BEGIN Material shown

lemma commutator_number_d:
  assumes "j < n"
  shows "commutator (\<Sum>k<n. x k * d k) (d j) = - d j"
proof -
  have "commutator (x k * d k) (d j) = - (if k = j then d k else 0)" if "k < n" for k
  proof -
    have "commutator (x k * d k) (d j) = - (commutator (d j) (x k) * d k)"
      using d_comm[OF that assms] unfolding commutator_def by (simp add: algebra_simps)
    then show ?thesis using d_x_commutator[OF assms that] by auto
  qed
  then have "commutator (\<Sum>k<n. x k * d k) (d j) = (\<Sum>k<n. - (if k = j then d k else 0))"
    unfolding commutator_sum_left by (intro sum.cong) auto
  also have "\<dots> = - d j" using assms by (simp add: sum_negf)
  finally show ?thesis .
qed

lemma commutator_number_Eop:
  "commutator (\<Sum>k<n. x k * d k) (Eop n eta c d) = - 2 * Eop n eta c d"
proof -
  have "commutator (\<Sum>k<n. x k * d k) (c (eta i j) * d j * d i) = - 2 * (c (eta i j) * d j * d i)"
    if "i < n" "j < n" for i j
  proof -
    have "commutator (\<Sum>k<n. x k * d k) (c (eta i j) * d j * d i)
        = c (eta i j) * (commutator (\<Sum>k<n. x k * d k) (d j) * d i
            + d j * commutator (\<Sum>k<n. x k * d k) (d i))"
      by (simp only: mult.assoc commutator_scalar_right) (simp only: commutator_mult_right)
    also have "\<dots> = - 2 * (c (eta i j) * d j * d i)"
      using that by (simp add: commutator_number_d mult_2 right_diff_distrib mult.assoc)
    finally show ?thesis .
  qed
  then show ?thesis
    unfolding Eop_def
    by (simp add: commutator_scalar_right commutator_sum_right sum_distrib_left
        scalar_mult_left_commute)
qed

lemma commutator_Hop_Eop: "commutator (Hop n c x d) (Eop n eta c d) = 2 * Eop n eta c d"
proof -
  have "commutator (d k * x k + x k * d k) (Eop n eta c d) = 2 * commutator (x k * d k) (Eop n eta c d)"
    if "k < n" for k
  proof -
    have "d k * x k + x k * d k = 1 + (x k * d k + x k * d k)"
      using d_x_commutator[OF that that] unfolding commutator_def by (simp add: algebra_simps)
    then show ?thesis by (simp add: commutator_add_left mult_2)
  qed
  then have "commutator (Hop n c x d) (Eop n eta c d)
      = c (- 1 / 2) * (2 * commutator (\<Sum>k<n. x k * d k) (Eop n eta c d))"
    unfolding Hop_def commutator_scalar_left commutator_sum_left by (simp add: sum_distrib_left)
  also have "\<dots> = c (- 1 / 2) * (c (- 4) * Eop n eta c d)"
    by (simp add: commutator_number_Eop scalar_minus mult.assoc[symmetric])
  also have "\<dots> = 2 * Eop n eta c d"
    by (simp add: scalar_mult_assoc)
  finally show ?thesis .
qed

lemma Eop_Hop: "Eop n eta c d * Hop n c x d = (Hop n c x d + of_int (- 2)) * Eop n eta c d"
  using commutator_Hop_Eop unfolding commutator_def by (simp add: algebra_simps)

end

section \<open>Local finiteness modulo A X + A E\<close>

definition left_ideal :: "'a::ring_1 set \<Rightarrow> bool" where
  "left_ideal I \<longleftrightarrow>
     0 \<in> I \<and> (\<forall>p\<in>I. \<forall>q\<in>I. p + q \<in> I) \<and> (\<forall>r. \<forall>p\<in>I. r * p \<in> I)"

lemma left_ideal_left_ideal2: "left_ideal (left_ideal2 X E)"
  unfolding left_ideal_def
proof (intro conjI ballI allI)
  show "0 \<in> left_ideal2 X E"
    unfolding left_ideal2_def by (auto intro!: exI[of _ 0])
next
  fix p q assume "p \<in> left_ideal2 X E" "q \<in> left_ideal2 X E"
  then obtain a b a' b' where "p = a * X + b * E" "q = a' * X + b' * E"
    unfolding left_ideal2_def by blast
  then have "p + q = (a + a') * X + (b + b') * E" by (simp add: algebra_simps)
  then show "p + q \<in> left_ideal2 X E" unfolding left_ideal2_def by blast
next
  fix r p assume "p \<in> left_ideal2 X E"
  then obtain a b where "p = a * X + b * E" unfolding left_ideal2_def by blast
  then have "r * p = (r * a) * X + (r * b) * E" by (simp add: algebra_simps)
  then show "r * p \<in> left_ideal2 X E" unfolding left_ideal2_def by blast
qed

lemma mult_right_in_left_ideal2: "r * E \<in> left_ideal2 X E"
  unfolding left_ideal2_def by (intro CollectI exI[of _ 0] exI[of _ r]) simp

context scalar_emb
begin

definition span_mod :: "'a set \<Rightarrow> 'a set \<Rightarrow> 'a set" where
  "span_mod I B = {v. \<exists>f. v - (\<Sum>b\<in>B. c (f b) * b) \<in> I}"

context
  fixes I B :: "'a set"
  assumes I: "left_ideal I" and B: "finite B"
begin

lemma span_mod_ideal: "p \<in> I \<Longrightarrow> p \<in> span_mod I B"
  unfolding span_mod_def by (intro CollectI exI[of _ "\<lambda>_. 0"]) simp

lemma span_mod_base: "b \<in> B \<Longrightarrow> b \<in> span_mod I B"
proof -
  assume "b \<in> B"
  then have "(\<Sum>b'\<in>B. c (if b' = b then 1 else 0) * b') = (\<Sum>b'\<in>B. if b' = b then b' else 0)"
    by (intro sum.cong) auto
  also have "\<dots> = b" using B \<open>b \<in> B\<close> by simp
  finally have "b - (\<Sum>b'\<in>B. c (if b' = b then 1 else 0) * b') = 0" by simp
  then show ?thesis
    using I unfolding span_mod_def left_ideal_def
    by (intro CollectI exI[of _ "\<lambda>b'. if b' = b then 1 else 0"]) simp
qed

lemma span_mod_add: "p \<in> span_mod I B \<Longrightarrow> q \<in> span_mod I B \<Longrightarrow> p + q \<in> span_mod I B"
proof -
  assume "p \<in> span_mod I B" "q \<in> span_mod I B"
  then obtain f f' where "p - (\<Sum>b\<in>B. c (f b) * b) \<in> I" "q - (\<Sum>b\<in>B. c (f' b) * b) \<in> I"
    unfolding span_mod_def by blast
  then have "(p - (\<Sum>b\<in>B. c (f b) * b)) + (q - (\<Sum>b\<in>B. c (f' b) * b)) \<in> I"
    using I unfolding left_ideal_def by blast
  moreover have "(p - (\<Sum>b\<in>B. c (f b) * b)) + (q - (\<Sum>b\<in>B. c (f' b) * b))
      = p + q - (\<Sum>b\<in>B. c (f b + f' b) * b)"
    by (simp add: scalar_add distrib_right sum.distrib)
  ultimately show ?thesis unfolding span_mod_def by auto
qed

END Material shown

From the listing above, count the lines that include the word "close" and give the total alone.

**Response for this exercise:** 2